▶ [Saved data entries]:
++++++++++
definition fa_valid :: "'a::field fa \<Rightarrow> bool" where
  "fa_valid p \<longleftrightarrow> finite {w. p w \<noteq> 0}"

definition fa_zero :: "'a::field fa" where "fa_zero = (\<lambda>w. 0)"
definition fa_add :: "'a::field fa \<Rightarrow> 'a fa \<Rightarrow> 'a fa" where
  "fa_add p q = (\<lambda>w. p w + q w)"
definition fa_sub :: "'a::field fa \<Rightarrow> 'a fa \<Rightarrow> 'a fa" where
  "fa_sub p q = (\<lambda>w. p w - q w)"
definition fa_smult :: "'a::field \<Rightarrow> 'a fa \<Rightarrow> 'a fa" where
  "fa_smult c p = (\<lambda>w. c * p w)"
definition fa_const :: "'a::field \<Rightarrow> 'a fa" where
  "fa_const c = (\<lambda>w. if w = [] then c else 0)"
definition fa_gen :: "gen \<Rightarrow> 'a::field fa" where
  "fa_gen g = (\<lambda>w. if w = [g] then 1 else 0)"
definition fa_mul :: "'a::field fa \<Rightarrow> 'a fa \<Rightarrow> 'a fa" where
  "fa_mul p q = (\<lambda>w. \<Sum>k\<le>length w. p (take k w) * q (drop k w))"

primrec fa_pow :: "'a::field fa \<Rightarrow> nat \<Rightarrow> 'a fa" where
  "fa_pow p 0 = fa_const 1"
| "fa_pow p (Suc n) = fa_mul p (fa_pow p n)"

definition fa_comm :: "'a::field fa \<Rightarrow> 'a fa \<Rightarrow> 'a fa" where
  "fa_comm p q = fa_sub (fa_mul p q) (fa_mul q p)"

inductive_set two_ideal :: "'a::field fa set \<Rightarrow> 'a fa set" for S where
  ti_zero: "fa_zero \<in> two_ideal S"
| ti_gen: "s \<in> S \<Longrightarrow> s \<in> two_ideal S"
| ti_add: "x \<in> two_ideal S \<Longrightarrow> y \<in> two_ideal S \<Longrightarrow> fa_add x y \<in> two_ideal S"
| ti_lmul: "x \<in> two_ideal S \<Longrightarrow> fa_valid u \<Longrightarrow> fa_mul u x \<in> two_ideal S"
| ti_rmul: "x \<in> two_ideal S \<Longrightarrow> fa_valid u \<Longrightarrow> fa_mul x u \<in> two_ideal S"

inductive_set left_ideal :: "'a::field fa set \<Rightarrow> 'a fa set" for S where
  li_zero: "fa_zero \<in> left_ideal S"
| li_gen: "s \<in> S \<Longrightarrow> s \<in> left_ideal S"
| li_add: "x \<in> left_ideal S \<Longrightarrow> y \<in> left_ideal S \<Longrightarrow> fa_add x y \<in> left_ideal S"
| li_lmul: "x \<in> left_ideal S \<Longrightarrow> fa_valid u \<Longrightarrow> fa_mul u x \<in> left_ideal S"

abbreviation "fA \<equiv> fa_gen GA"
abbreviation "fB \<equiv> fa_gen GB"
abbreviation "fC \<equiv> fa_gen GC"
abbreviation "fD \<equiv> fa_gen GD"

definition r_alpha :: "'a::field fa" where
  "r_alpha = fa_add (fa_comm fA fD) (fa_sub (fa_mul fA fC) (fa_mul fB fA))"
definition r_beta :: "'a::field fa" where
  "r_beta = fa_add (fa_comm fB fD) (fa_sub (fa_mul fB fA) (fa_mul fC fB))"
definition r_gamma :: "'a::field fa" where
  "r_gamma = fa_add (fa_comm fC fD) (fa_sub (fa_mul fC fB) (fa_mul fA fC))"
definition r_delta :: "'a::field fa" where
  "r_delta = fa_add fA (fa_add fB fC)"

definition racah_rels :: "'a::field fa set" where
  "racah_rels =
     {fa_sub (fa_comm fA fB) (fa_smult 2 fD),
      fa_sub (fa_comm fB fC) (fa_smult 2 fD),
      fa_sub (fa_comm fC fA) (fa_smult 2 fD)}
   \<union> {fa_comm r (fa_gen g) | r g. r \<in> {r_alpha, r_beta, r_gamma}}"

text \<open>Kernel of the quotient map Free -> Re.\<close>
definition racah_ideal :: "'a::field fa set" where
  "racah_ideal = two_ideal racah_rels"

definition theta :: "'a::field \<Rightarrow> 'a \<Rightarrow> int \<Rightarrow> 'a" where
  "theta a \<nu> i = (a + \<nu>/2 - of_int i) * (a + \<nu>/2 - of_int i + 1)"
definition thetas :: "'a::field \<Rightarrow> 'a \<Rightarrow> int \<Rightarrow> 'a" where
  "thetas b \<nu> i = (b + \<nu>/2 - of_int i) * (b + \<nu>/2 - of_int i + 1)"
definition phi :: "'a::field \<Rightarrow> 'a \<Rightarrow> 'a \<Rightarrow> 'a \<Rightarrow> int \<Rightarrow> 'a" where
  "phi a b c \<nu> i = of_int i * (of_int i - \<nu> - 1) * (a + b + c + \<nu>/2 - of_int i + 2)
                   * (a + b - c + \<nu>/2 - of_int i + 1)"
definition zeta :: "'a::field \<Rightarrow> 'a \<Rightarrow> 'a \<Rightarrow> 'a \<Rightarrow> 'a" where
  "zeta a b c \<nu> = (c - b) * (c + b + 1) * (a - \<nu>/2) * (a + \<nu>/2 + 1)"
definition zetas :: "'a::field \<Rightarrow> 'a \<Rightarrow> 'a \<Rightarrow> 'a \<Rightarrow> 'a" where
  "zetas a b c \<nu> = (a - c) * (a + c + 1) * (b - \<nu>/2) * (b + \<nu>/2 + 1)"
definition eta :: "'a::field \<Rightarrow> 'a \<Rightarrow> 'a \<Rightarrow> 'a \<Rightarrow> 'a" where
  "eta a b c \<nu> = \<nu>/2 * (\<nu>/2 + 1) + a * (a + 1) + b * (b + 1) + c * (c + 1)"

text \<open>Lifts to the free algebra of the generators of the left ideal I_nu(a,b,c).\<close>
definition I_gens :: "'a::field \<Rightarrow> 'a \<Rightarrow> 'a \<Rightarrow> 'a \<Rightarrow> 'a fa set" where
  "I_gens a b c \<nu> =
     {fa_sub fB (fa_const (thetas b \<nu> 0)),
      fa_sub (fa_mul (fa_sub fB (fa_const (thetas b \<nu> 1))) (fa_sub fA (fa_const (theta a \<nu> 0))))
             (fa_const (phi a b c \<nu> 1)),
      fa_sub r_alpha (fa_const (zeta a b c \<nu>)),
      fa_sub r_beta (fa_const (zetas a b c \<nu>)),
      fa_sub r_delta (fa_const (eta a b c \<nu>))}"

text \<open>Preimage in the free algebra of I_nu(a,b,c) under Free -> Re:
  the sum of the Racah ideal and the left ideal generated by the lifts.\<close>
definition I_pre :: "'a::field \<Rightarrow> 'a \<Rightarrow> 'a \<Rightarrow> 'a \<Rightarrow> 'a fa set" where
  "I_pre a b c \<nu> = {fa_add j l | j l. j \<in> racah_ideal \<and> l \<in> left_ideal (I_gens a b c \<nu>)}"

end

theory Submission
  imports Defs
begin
++++++++++
▶ [TASK INSTRUCTIONS]:
Retyping every line above exactly is all that is needed.

▶ [SOLUTION TO THIS PROBLEM]:
definition fa_valid :: "'a::field fa \<Rightarrow> bool" where
  "fa_valid p \<longleftrightarrow> finite {w. p w \<noteq> 0}"

definition fa_zero :: "'a::field fa" where "fa_zero = (\<lambda>w. 0)"
definition fa_add :: "'a::field fa \<Rightarrow> 'a fa \<Rightarrow> 'a fa" where
  "fa_add p q = (\<lambda>w. p w + q w)"
definition fa_sub :: "'a::field fa \<Rightarrow> 'a fa \<Rightarrow> 'a fa" where
  "fa_sub p q = (\<lambda>w. p w - q w)"
definition fa_smult :: "'a::field \<Rightarrow> 'a fa \<Rightarrow> 'a fa" where
  "fa_smult c p = (\<lambda>w. c * p w)"
definition fa_const :: "'a::field \<Rightarrow> 'a fa" where
  "fa_const c = (\<lambda>w. if w = [] then c else 0)"
definition fa_gen :: "gen \<Rightarrow> 'a::field fa" where
  "fa_gen g = (\<lambda>w. if w = [g] then 1 else 0)"
definition fa_mul :: "'a::field fa \<Rightarrow> 'a fa \<Rightarrow> 'a fa" where
  "fa_mul p q = (\<lambda>w. \<Sum>k\<le>length w. p (take k w) * q (drop k w))"

primrec fa_pow :: "'a::field fa \<Rightarrow> nat \<Rightarrow> 'a fa" where
  "fa_pow p 0 = fa_const 1"
| "fa_pow p (Suc n) = fa_mul p (fa_pow p n)"

definition fa_comm :: "'a::field fa \<Rightarrow> 'a fa \<Rightarrow> 'a fa" where
  "fa_comm p q = fa_sub (fa_mul p q) (fa_mul q p)"

inductive_set two_ideal :: "'a::field fa set \<Rightarrow> 'a fa set" for S where
  ti_zero: "fa_zero \<in> two_ideal S"
| ti_gen: "s \<in> S \<Longrightarrow> s \<in> two_ideal S"
| ti_add: "x \<in> two_ideal S \<Longrightarrow> y \<in> two_ideal S \<Longrightarrow> fa_add x y \<in> two_ideal S"
| ti_lmul: "x \<in> two_ideal S \<Longrightarrow> fa_valid u \<Longrightarrow> fa_mul u x \<in> two_ideal S"
| ti_rmul: "x \<in> two_ideal S \<Longrightarrow> fa_valid u \<Longrightarrow> fa_mul x u \<in> two_ideal S"

inductive_set left_ideal :: "'a::field fa set \<Rightarrow> 'a fa set" for S where
  li_zero: "fa_zero \<in> left_ideal S"
| li_gen: "s \<in> S \<Longrightarrow> s \<in> left_ideal S"
| li_add: "x \<in> left_ideal S \<Longrightarrow> y \<in> left_ideal S \<Longrightarrow> fa_add x y \<in> left_ideal S"
| li_lmul: "x \<in> left_ideal S \<Longrightarrow> fa_valid u \<Longrightarrow> fa_mul u x \<in> left_ideal S"

abbreviation "fA \<equiv> fa_gen GA"
abbreviation "fB \<equiv> fa_gen GB"
abbreviation "fC \<equiv> fa_gen GC"
abbreviation "fD \<equiv> fa_gen GD"

definition r_alpha :: "'a::field fa" where
  "r_alpha = fa_add (fa_comm fA fD) (fa_sub (fa_mul fA fC) (fa_mul fB fA))"
definition r_beta :: "'a::field fa" where
  "r_beta = fa_add (fa_comm fB fD) (fa_sub (fa_mul fB fA) (fa_mul fC fB))"
definition r_gamma :: "'a::field fa" where
  "r_gamma = fa_add (fa_comm fC fD) (fa_sub (fa_mul fC fB) (fa_mul fA fC))"
definition r_delta :: "'a::field fa" where
  "r_delta = fa_add fA (fa_add fB fC)"

definition racah_rels :: "'a::field fa set" where
  "racah_rels =
     {fa_sub (fa_comm fA fB) (fa_smult 2 fD),
      fa_sub (fa_comm fB fC) (fa_smult 2 fD),
      fa_sub (fa_comm fC fA) (fa_smult 2 fD)}
   \<union> {fa_comm r (fa_gen g) | r g. r \<in> {r_alpha, r_beta, r_gamma}}"

text \<open>Kernel of the quotient map Free -> Re.\<close>
definition racah_ideal :: "'a::field fa set" where
  "racah_ideal = two_ideal racah_rels"

definition theta :: "'a::field \<Rightarrow> 'a \<Rightarrow> int \<Rightarrow> 'a" where
  "theta a \<nu> i = (a + \<nu>/2 - of_int i) * (a + \<nu>/2 - of_int i + 1)"
definition thetas :: "'a::field \<Rightarrow> 'a \<Rightarrow> int \<Rightarrow> 'a" where
  "thetas b \<nu> i = (b + \<nu>/2 - of_int i) * (b + \<nu>/2 - of_int i + 1)"
definition phi :: "'a::field \<Rightarrow> 'a \<Rightarrow> 'a \<Rightarrow> 'a \<Rightarrow> int \<Rightarrow> 'a" where
  "phi a b c \<nu> i = of_int i * (of_int i - \<nu> - 1) * (a + b + c + \<nu>/2 - of_int i + 2)
                   * (a + b - c + \<nu>/2 - of_int i + 1)"
definition zeta :: "'a::field \<Rightarrow> 'a \<Rightarrow> 'a \<Rightarrow> 'a \<Rightarrow> 'a" where
  "zeta a b c \<nu> = (c - b) * (c + b + 1) * (a - \<nu>/2) * (a + \<nu>/2 + 1)"
definition zetas :: "'a::field \<Rightarrow> 'a \<Rightarrow> 'a \<Rightarrow> 'a \<Rightarrow> 'a" where
  "zetas a b c \<nu> = (a - c) * (a + c + 1) * (b - \<nu>/2) * (b + \<nu>/2 + 1)"
definition eta :: "'a::field \<Rightarrow> 'a \<Rightarrow> 'a \<Rightarrow> 'a \<Rightarrow> 'a" where
  "eta a b c \<nu> = \<nu>/2 * (\<nu>/2 + 1) + a * (a + 1) + b * (b + 1) + c * (c + 1)"

text \<open>Lifts to the free algebra of the generators of the left ideal I_nu(a,b,c).\<close>
definition I_gens :: "'a::field \<Rightarrow> 'a \<Rightarrow> 'a \<Rightarrow> 'a \<Rightarrow> 'a fa set" where
  "I_gens a b c \<nu> =
     {fa_sub fB (fa_const (thetas b \<nu> 0)),
      fa_sub (fa_mul (fa_sub fB (fa_const (thetas b \<nu> 1))) (fa_sub fA (fa_const (theta a \<nu> 0))))
             (fa_const (phi a b c \<nu> 1)),
      fa_sub r_alpha (fa_const (zeta a b c \<nu>)),
      fa_sub r_beta (fa_const (zetas a b c \<nu>)),
      fa_sub r_delta (fa_const (eta a b c \<nu>))}"

text \<open>Preimage in the free algebra of I_nu(a,b,c) under Free -> Re:
  the sum of the Racah ideal and the left ideal generated by the lifts.\<close>
definition I_pre :: "'a::field \<Rightarrow> 'a \<Rightarrow> 'a \<Rightarrow> 'a \<Rightarrow> 'a fa set" where
  "I_pre a b c \<nu> = {fa_add j l | j l. j \<in> racah_ideal \<and> l \<in> left_ideal (I_gens a b c \<nu>)}"

end

theory Submission
  imports Defs
begin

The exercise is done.